Young people are not fooled. The government stepped in to bail out Wall Street when it collapsed of its own folly. The Federal Reserve stepped in to hand money at virtually zero interest to keep banks afloat. So, clearly government is “not the problem” if you are a group that can pay your way to the table; government is “the answer.”
To economists, interest rates tell us the price of the future. It is called the discount rate, letting us know how much you would discount getting money in the future rather than today. When we set high interest rates on loans to students, we are saying that now is more important than their future. When we would rather give money to banks or corporations at lower rates, we are betting more of our future on them than on our children. Worse, as Sen. Elizabeth Warren (D-Mass.) points out, by charging our children higher rates, the government nets $51 billion above its cost of obtaining funds.
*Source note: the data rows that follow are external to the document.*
text \<open>Finitely supported configurations pair with arbitrary configurations via
  \<open>\<langle>\<psi>, f\<rangle> = \<Sum>\<^sub>g \<psi>(g) \<cdot> f(g)\<close>, and under this pairing the transpose \<open>\<tau>'\<close> is the adjoint of
  \<open>\<tau>\<close>. If \<open>\<tau>\<close> is surjective, every coordinate \<open>\<psi>(g)\<^sub>i = \<langle>\<psi>, \<delta>\<^sub>g\<^sup>i\<rangle>\<close> of a finitely supported
  \<open>\<psi>\<close> with \<open>\<tau>'\<psi> = 0\<close> equals \<open>\<langle>\<tau>'\<psi>, f\<rangle> = 0\<close> for a preimage \<open>f\<close> of \<open>\<delta>\<^sub>g\<^sup>i\<close>, so \<open>\<tau>'\<close> is
  pre-injective. If \<open>\<tau>\<close> is pre-injective, it has a linear left inverse \<open>L\<close> on the finitely
  supported configurations, and a preimage of \<open>h\<close> under \<open>\<tau>'\<close> is read off from the
  functional \<open>v \<mapsto> \<langle>L v, h\<rangle>\<close> on the basis vectors \<open>\<delta>\<^sub>g\<^sup>i\<close>, since \<open>\<tau> \<delta>\<^sub>g\<^sup>i\<close> is expressed through the
  same matrix entries as \<open>\<tau>'\<close>. For symmetric \<open>\<tau>\<close> both
  implications concern \<open>\<tau>\<close> alone.\<close>

text \<open>Configurations over a general field have no scalar multiplication from the type classes,
  so the vector space structure used for linear algebra is given explicitly.\<close>
definition fun_scale :: "'k::field \<Rightarrow> ('g \<Rightarrow> 'k^'n) \<Rightarrow> ('g \<Rightarrow> 'k^'n)" where
  "fun_scale c f = (\<lambda>g. c *s f g)"

lemma vector_space_fun_scale: "vector_space (fun_scale :: 'k::field \<Rightarrow> ('g \<Rightarrow> 'k^'n) \<Rightarrow> _)"
  unfolding vector_space_def fun_scale_def
  by (auto simp: fun_eq_iff vector_add_ldistrib vector_sadd_rdistrib vector_smult_assoc)

lemma vector_space_pair_fun_scale:
  "vector_space_pair (fun_scale :: 'k::field \<Rightarrow> ('g \<Rightarrow> 'k^'n) \<Rightarrow> _) fun_scale"
  by (simp add: vector_space_pair_def vector_space_fun_scale)

definition delta :: "'g \<Rightarrow> 'n \<Rightarrow> ('g \<Rightarrow> 'k::field^'n)" where
  "delta g i = (\<lambda>h. if h = g then axis i 1 else 0)"

lemma finitely_supported_add:
  "(f1 :: 'g \<Rightarrow> 'k::field^'n) \<in> finitely_supported \<Longrightarrow> f2 \<in> finitely_supported
    \<Longrightarrow> f1 + f2 \<in> finitely_supported"
  unfolding finitely_supported_def
  by (auto intro: finite_subset[of _ "{g. f1 g \<noteq> 0} \<union> {g. f2 g \<noteq> 0}"])

lemma finitely_supported_scale: "f \<in> finitely_supported \<Longrightarrow> fun_scale c f \<in> finitely_supported"
  unfolding finitely_supported_def fun_scale_def
  by (auto intro: finite_subset[of _ "{g. f g \<noteq> 0}"])

lemma finitely_supported_sum:
  "(\<And>x. x \<in> X \<Longrightarrow> (F x :: 'g \<Rightarrow> 'k::field^'n) \<in> finitely_supported)
    \<Longrightarrow> sum F X \<in> finitely_supported"
  by (induction X rule: infinite_finite_induct)
    (auto simp: finitely_supported_add, simp_all add: finitely_supported_def)

lemma finitely_supported_delta: "delta g i \<in> finitely_supported"
  unfolding finitely_supported_def delta_def
  by (auto intro: finite_subset[of _ "{g}"])

lemma subspace_finitely_supported:
  "module.subspace (fun_scale :: 'k::field \<Rightarrow> ('g \<Rightarrow> 'k^'n) \<Rightarrow> _) finitely_supported"
proof -
  interpret vector_space "fun_scale :: 'k \<Rightarrow> ('g \<Rightarrow> 'k^'n) \<Rightarrow> _"
    by (rule vector_space_fun_scale)
  show ?thesis
    unfolding subspace_def
    by (auto simp: finitely_supported_add finitely_supported_scale)
      (simp add: finitely_supported_def)
qed

definition dot :: "'k::field^'n \<Rightarrow> 'k^'n \<Rightarrow> 'k" where
  "dot x y = (\<Sum>i\<in>UNIV. x $ i * y $ i)"

lemma dot_0_left [simp]: "dot 0 y = 0"
  by (simp add: dot_def)

lemma dot_0_right [simp]: "dot x 0 = 0"
  by (simp add: dot_def)

lemma dot_add_left: "dot (x + y) z = dot x z + dot y z"
  by (simp add: dot_def distrib_right sum.distrib)

lemma dot_scale_left: "dot (c *s x) z = c * dot x z"
  by (simp add: dot_def sum_distrib_left mult.assoc)

lemma dot_sum_left: "dot (sum F X) y = (\<Sum>x\<in>X. dot (F x) y)"
  unfolding dot_def by (simp add: sum_component sum_distrib_right) (rule sum.swap)

lemma dot_sum_right: "dot y (sum F X) = (\<Sum>x\<in>X. dot y (F x))"
  unfolding dot_def by (simp add: sum_component sum_distrib_left) (rule sum.swap)

lemma dot_axis_left: "dot (axis i 1) y = y $ i"
proof -
  have "dot (axis i 1) y = (\<Sum>j\<in>UNIV. if j = i then y $ j else 0)"
    unfolding dot_def axis_def by (rule sum.cong) auto
  then show ?thesis by simp
qed

lemma dot_axis_right: "dot x (axis i 1) = x $ i"
proof -
  have "dot x (axis i 1) = (\<Sum>j\<in>UNIV. if j = i then x $ j else 0)"
    unfolding dot_def axis_def by (rule sum.cong) auto
  then show ?thesis by simp
qed

lemma dot_transpose: "dot (transpose A *v x) y = dot x (A *v y)"
  unfolding dot_def transpose_def matrix_vector_mult_def
  by (simp add: sum_distrib_left sum_distrib_right mult_ac) (rule sum.swap)

definition pairing :: "('g \<Rightarrow> 'k::field^'n) \<Rightarrow> ('g \<Rightarrow> 'k^'n) \<Rightarrow> 'k" where
  "pairing \<psi> f = (\<Sum>g\<in>{g. \<psi> g \<noteq> 0}. dot (\<psi> g) (f g))"

lemma pairing_eq_sum_superset:
  assumes "finite S" "{g. \<psi> g \<noteq> 0} \<subseteq> S"
  shows "pairing \<psi> f = (\<Sum>g\<in>S. dot (\<psi> g) (f g))"
  unfolding pairing_def by (rule sum.mono_neutral_left) (use assms in auto)

lemma pairing_add_left:
  assumes "\<psi>1 \<in> finitely_supported" "\<psi>2 \<in> finitely_supported"
  shows "pairing (\<psi>1 + \<psi>2) f = pairing \<psi>1 f + pairing \<psi>2 f"
proof -
  let ?S = "{g. \<psi>1 g \<noteq> 0} \<union> {g. \<psi>2 g \<noteq> 0}"
  have fin: "finite ?S" using assms by (simp add: finitely_supported_def)
  have "pairing (\<psi>1 + \<psi>2) f = (\<Sum>g\<in>?S. dot ((\<psi>1 + \<psi>2) g) (f g))"
    by (rule pairing_eq_sum_superset[OF fin]) auto
  moreover have "pairing \<psi>1 f = (\<Sum>g\<in>?S. dot (\<psi>1 g) (f g))"
    by (rule pairing_eq_sum_superset[OF fin]) auto
  moreover have "pairing \<psi>2 f = (\<Sum>g\<in>?S. dot (\<psi>2 g) (f g))"
    by (rule pairing_eq_sum_superset[OF fin]) auto
  ultimately show ?thesis
    by (simp add: dot_add_left sum.distrib)
qed

lemma pairing_scale_left: "pairing (fun_scale c \<psi>) f = c * pairing \<psi> f"
proof (cases "c = 0")
  case False
  then have "{g. fun_scale c \<psi> g \<noteq> 0} = {g. \<psi> g \<noteq> 0}"
    by (simp add: fun_scale_def)
  then show ?thesis
    by (simp add: pairing_def fun_scale_def dot_scale_left sum_distrib_left)
qed (simp add: pairing_def fun_scale_def)

lemma pairing_sum_left:
  "(\<And>x. x \<in> X \<Longrightarrow> F x \<in> finitely_supported)
    \<Longrightarrow> pairing (sum F X) f = (\<Sum>x\<in>X. pairing (F x) f)"
proof (induction X rule: infinite_finite_induct)
  case (insert x X)
  have "F x \<in> finitely_supported"
    using insert.prems by simp
  moreover have "sum F X \<in> finitely_supported"
    using insert.prems by (simp add: finitely_supported_sum)
  ultimately have "pairing (sum F (insert x X)) f = pairing (F x) f + pairing (sum F X) f"
    unfolding sum.insert[OF insert.hyps] by (rule pairing_add_left)
  also have "pairing (sum F X) f = (\<Sum>x\<in>X. pairing (F x) f)"
    using insert by simp
  finally show ?case
    using insert.hyps by simp
qed (simp_all add: pairing_def)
So, when we are more concerned about keeping the tax rates low for corporations that keep their money offshore and hide behind foreign tax-haven borders, than in creating policies to hire our own children, it says even more. And, when our response to a skills shortage is to import people rather than develop our children, we say even more. Two different times, two different policy reactions . . . says a lot about us.
William Spriggs serves as chief economist to the AFL-CIO and is a professor in, and former chair of the department of economics at Howard University. Spriggs is also former assistant secretary for the office of policy at the United States Department of Labor.